Para Fawcett, o último ano foi essencialmente o processo de descobrir todos aqueles pequenos lugares onde as coisas podem dar errado. Foi um curso intensivo sobre tudo o que é necessário para colocar um produto nas mãos de um cliente - e uma educação sobre como isso pode acabar sendo tão caro. Finalmente entendi por que o custo de varejo de um produto é muito maior do que o custo de fabricação, diz ele.

Somamos toda a nossa cadeia de suprimentos, desde o primeiro fornecedor de matéria-prima até as mãos dos consumidores, e há 15 etapas, explica Fawcett, resumindo o trabalho árduo. Quinze pessoas diferentes que precisam ser pagas, desde o momento em que dizemos ‘construa’ até o momento em que o consumidor compra.

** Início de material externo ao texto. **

(* There is a constant $C$ such that for every two NFAs $A$ and $B$, each with at most $n$ states and over a common alphabet of $m$ input letters, there exist two DFAs $A'$ and $B'$ with at most $C n^2$ states and over an alphabet of at most $C(m+n)$ letters such that, for every $r\ge 1$, there is a tower of height $r$ between $L(A)$ and $L(B)$ if and only if there is a tower of height $r$ between $L(A')$ and $L(B')$. In particular, there is an infinite tower between $L(A)$ and $L(B)$ if and only if there is an infinite tower between $L(A')$ and $L(B')$.
   Context: For strings $v=a_1\cdots a_k$ and $w$, $v\preccurlyeq w$ if $w\in\Sigma^*a_1\Sigma^*a_2\Sigma^*\cdots\Sigma^*a_k\Sigma^*$. A sequence $(w_i)_{i=1}^r$ of strings is a tower between languages $K$ and $L$ if $w_1\in K\cup L$ and for all $i=1,\dots,r-1$: $w_i\preccurlyeq w_{i+1}$, $w_i\in K$ implies $w_{i+1}\in L$, and $w_i\in L$ implies $w_{i+1}\in K$; $r$ is its height. An infinite tower is an infinite sequence with the same properties. *)

theory Defs
  imports Main "HOL-Library.Sublist"
begin

record ('q, 'a) nfa =
  nfa_states :: "'q set"
  nfa_alph   :: "'a set"
  nfa_delta  :: "'q \<Rightarrow> 'a \<Rightarrow> 'q set"
  nfa_init   :: "'q set"
  nfa_final  :: "'q set"

definition nfa_wf :: "('q, 'a) nfa \<Rightarrow> bool" where
  "nfa_wf A \<longleftrightarrow> finite (nfa_states A) \<and> nfa_states A \<noteq> {} \<and> finite (nfa_alph A)
     \<and> nfa_init A \<subseteq> nfa_states A \<and> nfa_final A \<subseteq> nfa_states A
     \<and> (\<forall>q \<in> nfa_states A. \<forall>a \<in> nfa_alph A. nfa_delta A q a \<subseteq> nfa_states A)"

fun nfa_steps :: "('q, 'a) nfa \<Rightarrow> 'q set \<Rightarrow> 'a list \<Rightarrow> 'q set" where
  "nfa_steps A S [] = S"
| "nfa_steps A S (a # w) = nfa_steps A (\<Union>q \<in> S. nfa_delta A q a) w"

definition nfa_lang :: "('q, 'a) nfa \<Rightarrow> 'a list set" where
  "nfa_lang A = {w \<in> lists (nfa_alph A). nfa_steps A (nfa_init A) w \<inter> nfa_final A \<noteq> {}}"

record ('q, 'a) dfa =
  dfa_states :: "'q set"
  dfa_alph   :: "'a set"
  dfa_delta  :: "'q \<Rightarrow> 'a \<Rightarrow> 'q"
  dfa_init   :: "'q"
  dfa_final  :: "'q set"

Cerca de um terço disso é manufatura; outro terço é a logística de transporte mundial; o resto envolve colocá-lo do armazém final nas mãos do consumidor. Mas tudo isso só acontece depois que o Kickstarter é um sucesso.

Só recentemente, finalmente, Fawcett conseguiu respirar um pouco, tendo elaborado uma cadeia de abastecimento que está operando sem problemas e sem supervisão constante. Ainda assim, ele e seus parceiros têm muito em que trabalhar. Eles estão ocupados planejando sua próxima campanha no Kickstarter.